BEGIN
lemma card_strict_labellings_Un:
  assumes AB: "A \<inter> B = {}" and R: "R \<subseteq> A \<times> A \<union> B \<times> B"
  shows "card (strict_labellings (A \<union> B) R S)
       = card (strict_labellings A (R \<inter> A \<times> A) S) * card (strict_labellings B (R \<inter> B \<times> B) S)"
proof -
  let ?L = "strict_labellings (A \<union> B) R S"
  let ?LA = "strict_labellings A (R \<inter> A \<times> A) S" and ?LB = "strict_labellings B (R \<inter> B \<times> B) S"
  let ?join = "\<lambda>(g, h) x. if x \<in> A then g x else h x"
  have "bij_betw (\<lambda>f. (restrict f A, restrict f B)) ?L (?LA \<times> ?LB)"
  proof (rule bij_betw_byWitness[where f' = ?join])
    show "\<forall>f\<in>?L. ?join (restrict f A, restrict f B) = f"
    proof (intro ballI ext)
      fix f x assume "f \<in> ?L"
      then have "f \<in> (A \<union> B) \<rightarrow>\<^sub>E S" by (simp add: mem_strict_labellings)
      then show "?join (restrict f A, restrict f B) x = f x"
        using PiE_arb[of f "A \<union> B" _ x] by auto
    qed
    show "\<forall>gh\<in>?LA \<times> ?LB. (restrict (?join gh) A, restrict (?join gh) B) = gh"
    proof
      fix gh assume "gh \<in> ?LA \<times> ?LB"
      then obtain g h where gh: "gh = (g, h)" and g: "g \<in> A \<rightarrow>\<^sub>E S" and h: "h \<in> B \<rightarrow>\<^sub>E S"
        by (auto simp: mem_strict_labellings)
      have "restrict (?join gh) A = g"
        using PiE_arb[OF g] unfolding gh by auto
      moreover have "restrict (?join gh) B = h"
        using PiE_arb[OF h] AB unfolding gh by (auto simp: fun_eq_iff)
      ultimately show "(restrict (?join gh) A, restrict (?join gh) B) = gh" using gh by simp
    qed
    show "(\<lambda>f. (restrict f A, restrict f B)) ` ?L \<subseteq> ?LA \<times> ?LB"
      using restrict_mem_strict_labellings[of _ "A \<union> B" R S] by blast
    show "?join ` (?LA \<times> ?LB) \<subseteq> ?L"
      using join_mem_strict_labellings[OF _ _ AB R] by auto
  qed
  then show ?thesis by (simp add: bij_betw_same_card card_cartesian_product)
qed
END
Assignment:
Retype each line above, keeping every character.

Solution for this exercise:
lemma card_strict_labellings_Un:
  assumes AB: "A \<inter> B = {}" and R: "R \<subseteq> A \<times> A \<union> B \<times> B"
  shows "card (strict_labellings (A \<union> B) R S)
       = card (strict_labellings A (R \<inter> A \<times> A) S) * card (strict_labellings B (R \<inter> B \<times> B) S)"
proof -
  let ?L = "strict_labellings (A \<union> B) R S"
  let ?LA = "strict_labellings A (R \<inter> A \<times> A) S" and ?LB = "strict_labellings B (R \<inter> B \<times> B) S"
  let ?join = "\<lambda>(g, h) x. if x \<in> A then g x else h x"
  have "bij_betw (\<lambda>f. (restrict f A, restrict f B)) ?L (?LA \<times> ?LB)"
  proof (rule bij_betw_byWitness[where f' = ?join])
    show "\<forall>f\<in>?L. ?join (restrict f A, restrict f B) = f"
    proof (intro ballI ext)
      fix f x assume "f \<in> ?L"
      then have "f \<in> (A \<union> B) \<rightarrow>\<^sub>E S" by (simp add: mem_strict_labellings)
      then show "?join (restrict f A, restrict f B) x = f x"
        using PiE_arb[of f "A \<union> B" _ x] by auto
    qed
    show "\<forall>gh\<in>?LA \<times> ?LB. (restrict (?join gh) A, restrict (?join gh) B) = gh"
    proof
      fix gh assume "gh \<in> ?LA \<times> ?LB"
      then obtain g h where gh: "gh = (g, h)" and g: "g \<in> A \<rightarrow>\<^sub>E S" and h: "h \<in> B \<rightarrow>\<^sub>E S"
        by (auto simp: mem_strict_labellings)
      have "restrict (?join gh) A = g"
        using PiE_arb[OF g] unfolding gh by auto
      moreover have "restrict (?join gh) B = h"
        using PiE_arb[OF h] AB unfolding gh by (auto simp: fun_eq_iff)
      ultimately show "(restrict (?join gh) A, restrict (?join gh) B) = gh" using gh by simp
    qed
    show "(\<lambda>f. (restrict f A, restrict f B)) ` ?L \<subseteq> ?LA \<times> ?LB"
      using restrict_mem_strict_labellings[of _ "A \<union> B" R S] by blast
    show "?join ` (?LA \<times> ?LB) \<subseteq> ?L"
      using join_mem_strict_labellings[OF _ _ AB R] by auto
  qed
  then show ?thesis by (simp add: bij_betw_same_card card_cartesian_product)
qed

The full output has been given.